Мальборо уставился на супругу.

— Ну? — спросила Сара. — Какие возражения могут быть у вас, милорд, против этого союза? Годолфин — один из умнейших людей в стране. Он — сила сам по себе, как и ты, дорогой Маль; но вместе… Понимаешь, о чем я? — О союзе между Черчиллами и Годолфинами.

— Да, и можно ли прочнее, чем браком, скрепить этот союз? Внуки Годолфина будут и нашими внуками. Мы станем одной семьей, а не двумя. Разве это плохо?

— Ты забыла об одном.

— О чем же?

— Помнишь, как мы решили пожениться?

— Да, и твоя семья воспротивилась. Черчиллы не видели во мне ровню. Я не забыла. У них на примете для тебя была другая.

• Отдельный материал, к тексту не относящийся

lemma card_growth: "card (U (Suc t) - B) \<le> card (U t - boundary E (U t))"
proof -
  define P where "P = {f \<in> F. snd f \<in> U (Suc t) - B \<and> fst f \<in> U t - boundary E (U t)}"
  have inj: "inj_on fst P" using inj_on_forcer unfolding P_def by (rule inj_on_subset) blast
  have fst_P: "fst ` P \<subseteq> U t - boundary E (U t)" unfolding P_def by blast
  have "finite P" using finite_subset[OF fst_P] finite_U inj by (blast intro: finite_imageD)
  have "U (Suc t) - B \<subseteq> snd ` P"
    using forced_by_interior unfolding P_def by (force simp: image_iff)
  then have "card (U (Suc t) - B) \<le> card (snd ` P)"
    using \<open>finite P\<close> by (intro card_mono) auto
  also have "\<dots> \<le> card P" using \<open>finite P\<close> by (rule card_image_le)
  also have "\<dots> \<le> card (U t - boundary E (U t))"
    using inj fst_P finite_U by (blast intro: card_inj_on_le)
  finally show ?thesis .
qed

lemma card_U_Suc:
  assumes "U t \<noteq> V" and "U (Suc t) \<noteq> U t"
  shows "card (U (Suc t)) + vertex_connectivity V E \<le> card (U t) + card B"
proof -
  obtain x where x: "x \<in> V - U t" using assms(1) U_subset by blast
  obtain w where "w \<in> U (Suc t) - U t" using assms(2) U_Suc_subset by blast
  then obtain y where y: "y \<in> U t - boundary E (U t)"
    using forced_by_interior B_subset_U by blast
  have bd_subset: "boundary E (U t) \<subseteq> U t" unfolding boundary_def by blast
  have "vertex_connectivity V E \<le> card (boundary E (U t))"
    using vertex_connectivity_le_card_boundary[OF U_subset x y] .
  moreover have "card (U (Suc t) - B) = card (U (Suc t)) - card B"
    using B_subset_U finite_U by (meson card_Diff_subset finite_subset)
  moreover have "card (U t - boundary E (U t)) = card (U t) - card (boundary E (U t))"
    using bd_subset finite_U by (meson card_Diff_subset finite_subset)
  moreover note card_growth[of t]
  moreover have "card B \<le> card (U (Suc t))" "card (boundary E (U t)) \<le> card (U t)"
    using B_subset_U bd_subset finite_U by (meson card_mono)+
  ultimately show ?thesis by linarith
qed

lemma card_V_bound:
  assumes "pt_H_forces V E B F = enat T"
  shows "card V + T * vertex_connectivity V E \<le> (T + 1) * card B"
proof -
  note UT = pt_H_forces_eq_enatD(1)[OF assms] and before = pt_H_forces_eq_enatD(2)[OF assms]
  have step: "card (U (Suc t)) + vertex_connectivity V E \<le> card (U t) + card B" if "t < T" for t
  proof (rule card_U_Suc)
    show "U t \<noteq> V" using before that .
    show "U (Suc t) \<noteq> U t"
    proof
      assume "U (Suc t) = U t"
      with U_stable[of t T] that have "U T = U t" by simp
      with UT before that show False by simp
    qed
  qed
  have "card (U t) + t * vertex_connectivity V E \<le> (t + 1) * card B" if "t \<le> T" for t
    using that
  proof (induction t)
    case 0
    then show ?case by simp
  next
    case (Suc t)
    with step[of t] show ?case by simp
  qed
  from this[of T] UT show ?thesis by simp
qed

end

lemma nat_ceiling_two_sqrt_le:
  fixes n k b T :: nat
  assumes count: "n + T * k \<le> (T + 1) * b" and "k \<le> n"
  shows "nat \<lceil>2 * sqrt (real n - real k) + real k - 1\<rceil> \<le> b + T"
proof -
  have "(T + 1) * k \<le> (T + 1) * b" using assms by simp
  then have "k \<le> b" using mult_le_cancel1[of "T + 1" k b] by linarith
  have "real n + real T * real k \<le> (real T + 1) * real b"
    using count by (metis of_nat_add of_nat_le_iff of_nat_mult of_nat_1)
  then have "sqrt (real n - real k) \<le> sqrt ((real b - real k) * (real T + 1))"
    by (intro real_sqrt_le_mono) (simp add: algebra_simps)
  also have "\<dots> \<le> ((real b - real k) + (real T + 1)) / 2"
    using \<open>k \<le> b\<close> by (intro arith_geo_mean_sqrt) auto
  finally have "2 * sqrt (real n - real k) + real k - 1 \<le> real (b + T)" by simp
  then show ?thesis by (simp only: nat_ceiling_le_eq)
qed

— Вот-вот. Но никто бы меня не заставил жениться на ком-то, кроме тебя.

— Не сомневаюсь.

— Поэтому я и говорю, что ты упускаешь из виду чувства Генриетты.

— Генриетта поступит так, как ей будет велено.

— Но ведь она наша дочь.

— Ерунда! — сказала Сара. — Я не потерплю неповиновения от своих детей.

Граф взял жену за руку.

— Будь помягче, — попросил он.

— Ты учишь меня, как обращаться с моей дочерью?

— Советую, как обращаться с моей.

Графиня улыбнулась. Она обожала мужа, никто на свете, кроме него, не мог ее урезонить.

— Итак? — спросила леди Мальборо.

— Мы пригласим сюда Френсиса с отцом. И не станем заговаривать о браке, пока не увидим, что молодой человек и Генриетта нравятся друг другу.

— Романтическая чушь! — сказала Сара.

Но согласилась.


Сара давно приглядывалась к Сидни Годолфину, так как считала, что с ним лучше пребывать в дружбе, чем во вражде. Годолфины были знатным корнуэльским родом, Сидни пользовался расположением Карла Второго, который резюмировал свое отношение к нему одной выразительной фразой: «Он никогда не стоит ни поперек дороги, ни в стороне». В устах Карла это было высокой похвалой. Нередко случается, что человек, находившийся в чести у одного монарха, при следующем оказывается в немилости. Умный Годолфин не допустил, чтобы с ним это произошло. Он получил титул, когда Карл доверил ему одно из министерств. А после смерти Карла остался одним из самых доверенных министров короля Якова и получил должность казначея у королевы Марии Беатрисы. Он принадлежал к тем тори, которые дольше всех сохраняли верность Якову. Поняв, что изгнание Якова неизбежно, Сидни голосовал за регентство. Его преданность Якову оставалась непоколебимой, и, когда Мальборо, решив, что не сможет удовлетворить свое честолюбие при Вильгельме, встал на сторону «короля за проливом», между ним и Годолфином установилась связь. Как и Мальборо, Годолфин старался выказать свою дружбу Якову, притворяясь в то же время другом Вильгельма. Снедаемые честолюбием, оба выжидали, к какой стороне примкнуть. Вильгельм обладал неоспоримыми достоинствами, и казалось несомненным, что принимать нужно его сторону, однако и тот, и другой все же следили за тем, что происходит при сен-жерменском дворе, где король-изгнанник жил вместе с женой и сыном. Права последнего были в Англии предметом спора, но Людовик Четырнадцатый признавал его принцем Уэльским.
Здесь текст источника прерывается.